The claim you are sure to have found ALL papers is a bit grand, with the number of journals, conferences and especially workshops out there today, even with more general criteria not absolute, with the search criteria used, even more unlikely. It is not unusual for authors of papers to contact those of a new one to identify similarities between their work. Especially for surveys.
A: As mentioned in the previous answer, since we wanted to include all the tools that the core articles in our survey propose, we include the ones that are not available too. About determining whether it is customizable, it was mainly done by the documentation of the tools.
*** then state this.
*** re -Maintenance/last update - state clearly then to the author how they are expected to interpret this. It is ambiguous at best.
*** I don't understand the point in LinkQA as an example here, if you cannot even choose the datasets what is it evaluating?

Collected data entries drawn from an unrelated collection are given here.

lemma linear_proj2: "Vector_Spaces.linear (*s) (*s) (proj2 :: 'f::field^('n1::finite + 'n2::finite) \<Rightarrow> _)"
  unfolding Vector_Spaces.linear_iff by (auto simp: proj2_def vec_eq_iff vec.vector_space_axioms)

lemma linear_reassoc:
  "Vector_Spaces.linear (*s) (*s) (reassoc :: 'f::field^(('n1::finite + 'n2::finite) + 'n3::finite) \<Rightarrow> _)"
  unfolding Vector_Spaces.linear_iff
  by (auto simp: reassoc_def vec_eq_iff vec.vector_space_axioms split: sum.splits)

lemma proj1_reassoc [simp]: "proj1 (reassoc x) = proj1 (proj1 x)"
  by (simp add: proj1_def reassoc_def vec_eq_iff)

lemma proj1_proj2_reassoc [simp]: "proj1 (proj2 (reassoc x)) = proj2 (proj1 x)"
  by (simp add: proj1_def proj2_def reassoc_def vec_eq_iff)

lemma proj2_proj2_reassoc [simp]: "proj2 (proj2 (reassoc x)) = proj2 x"
  by (simp add: proj2_def reassoc_def vec_eq_iff)

lemma inj_reassoc: "inj reassoc"
proof (rule injI)
  fix x y :: "'f^(('n1::finite + 'n2::finite) + 'n3::finite)"
  assume eq: "reassoc x = reassoc y"
  have projs: "proj1 (proj1 x) = proj1 (proj1 y)" "proj2 (proj1 x) = proj2 (proj1 y)" "proj2 x = proj2 y"
    using arg_cong[OF eq, of proj1] arg_cong[OF eq, of "\<lambda>v. proj1 (proj2 v)"]
      arg_cong[OF eq, of "\<lambda>v. proj2 (proj2 v)"] by simp_all
  have "x $ i = y $ i" for i
  proof (cases i)
    case (Inl a)
    then show ?thesis
      using projs(1,2) by (cases a) (simp_all add: vec_eq_iff proj1_def proj2_def)
  next
    case (Inr c)
    then show ?thesis
      using projs(3) by (simp add: vec_eq_iff proj2_def)
  qed
  then show "x = y"
    by (simp add: vec_eq_iff)
qed

lemma qmatroid_mono_image:
  fixes \<rho> :: "('f::{field,finite}^'n::finite) set \<Rightarrow> nat" and h :: "'f^'m::finite \<Rightarrow> 'f^'n"
  assumes "qmatroid \<rho>" and "Vector_Spaces.linear (*s) (*s) h"
    and "vec.subspace X" "vec.subspace Y" "X \<subseteq> Y"
  shows "\<rho> (h ` X) \<le> \<rho> (h ` Y)"
  using assms vec.linear_subspace_image[OF assms(2)] unfolding qmatroid_def by (meson image_mono)

lemma qm_dsum_eq_induced_rank:
  "qm_dsum \<rho>1 \<rho>2 V = nat (induced_rank (\<lambda>X. int (\<rho>1 (proj1 ` X)) + int (\<rho>2 (proj2 ` X))) V)"
  by (simp add: qm_dsum_def induced_rank_def)

lemma int_qm_dsum:
  "vec.subspace V \<Longrightarrow>
    int (qm_dsum \<rho>1 \<rho>2 V) = induced_rank (\<lambda>X. int (\<rho>1 (proj1 ` X)) + int (\<rho>2 (proj2 ` X))) V"
  by (simp add: qm_dsum_eq_induced_rank induced_rank_nonneg)

lemma qm_dsum_nested_left:
  fixes \<rho>1 :: "(('f::{field,finite})^('n1::finite)) set \<Rightarrow> nat"
    and \<rho>2 :: "('f^('n2::finite)) set \<Rightarrow> nat"
    and \<rho>3 :: "('f^('n3::finite)) set \<Rightarrow> nat"
  assumes "qmatroid \<rho>3" and V: "vec.subspace V"
  shows "qm_dsum (qm_dsum \<rho>1 \<rho>2) \<rho>3 V = nat (induced_rank (\<lambda>X.
    int (\<rho>1 (proj1 ` proj1 ` X)) + int (\<rho>2 (proj2 ` proj1 ` X)) + int (\<rho>3 (proj2 ` X))) V)"
proof -
  let ?P12 = "\<lambda>Y. int (\<rho>1 (proj1 ` Y)) + int (\<rho>2 (proj2 ` Y))"
  have "qm_dsum (qm_dsum \<rho>1 \<rho>2) \<rho>3 V
      = nat (induced_rank (\<lambda>X. induced_rank ?P12 (proj1 ` X) + int (\<rho>3 (proj2 ` X))) V)"
    unfolding qm_dsum_eq_induced_rank[of "qm_dsum \<rho>1 \<rho>2" \<rho>3 V]
    by (intro arg_cong[where f = nat] induced_rank_cong)
      (simp add: int_qm_dsum vec.linear_subspace_image[OF linear_proj1])
  also have "\<dots> = nat (induced_rank (\<lambda>X. ?P12 (proj1 ` X) + int (\<rho>3 (proj2 ` X))) V)"
    by (intro arg_cong[where f = nat] induced_rank_nested[OF linear_proj1 V])
      (simp add: qmatroid_mono_image[OF assms(1) linear_proj2])
  finally show ?thesis .
qed

lemma qm_dsum_nested_right:
  fixes \<rho>1 :: "(('f::{field,finite})^('n1::finite)) set \<Rightarrow> nat"
    and \<rho>2 :: "('f^('n2::finite)) set \<Rightarrow> nat"
    and \<rho>3 :: "('f^('n3::finite)) set \<Rightarrow> nat"
  assumes "qmatroid \<rho>1" and V: "vec.subspace V"
  shows "qm_dsum \<rho>1 (qm_dsum \<rho>2 \<rho>3) (reassoc ` V) = nat (induced_rank (\<lambda>X.
    int (\<rho>1 (proj1 ` proj1 ` X)) + int (\<rho>2 (proj2 ` proj1 ` X)) + int (\<rho>3 (proj2 ` X))) V)"
proof -
  let ?P23 = "\<lambda>Y. int (\<rho>2 (proj1 ` Y)) + int (\<rho>3 (proj2 ` Y))"
  let ?U = "reassoc ` V"
  have U: "vec.subspace ?U"
    using vec.linear_subspace_image[OF linear_reassoc V] .
  have "qm_dsum \<rho>1 (qm_dsum \<rho>2 \<rho>3) ?U
      = nat (induced_rank (\<lambda>X. induced_rank ?P23 (proj2 ` X) + int (\<rho>1 (proj1 ` X))) ?U)"
    unfolding qm_dsum_eq_induced_rank[of \<rho>1 "qm_dsum \<rho>2 \<rho>3" ?U]
    by (intro arg_cong[where f = nat] induced_rank_cong)
      (simp add: int_qm_dsum vec.linear_subspace_image[OF linear_proj2] add.commute)
  also have "\<dots> = nat (induced_rank (\<lambda>X. ?P23 (proj2 ` X) + int (\<rho>1 (proj1 ` X))) ?U)"
    by (intro arg_cong[where f = nat] induced_rank_nested[OF linear_proj2 U])
      (simp add: qmatroid_mono_image[OF assms(1) linear_proj1])
  also have "\<dots> = nat (induced_rank (\<lambda>X. ?P23 (proj2 ` reassoc ` X) + int (\<rho>1 (proj1 ` reassoc ` X))) V)"
    by (simp add: induced_rank_linear_image[OF linear_reassoc inj_reassoc])
  finally show ?thesis
    by (simp add: image_image add_ac)
qed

How will it help me follow the quality criteria/guidelines proposed?
*** The authors highlight where only one of their references defines a specific metric, this starts to get repetitive. This is obvious where done, it should be stated at most once. Also, e.g., in 4.1.3 - rather than repeat the same reference 5 times for the sub-points, it could simply be placed at the top of the list.
*** Fig. 1 - for consistency and also readability - suggest move the final two numbers outside the boxes, as is done for all the others, it took me a while to finally locate them, even knowing they were supposed to be there.
|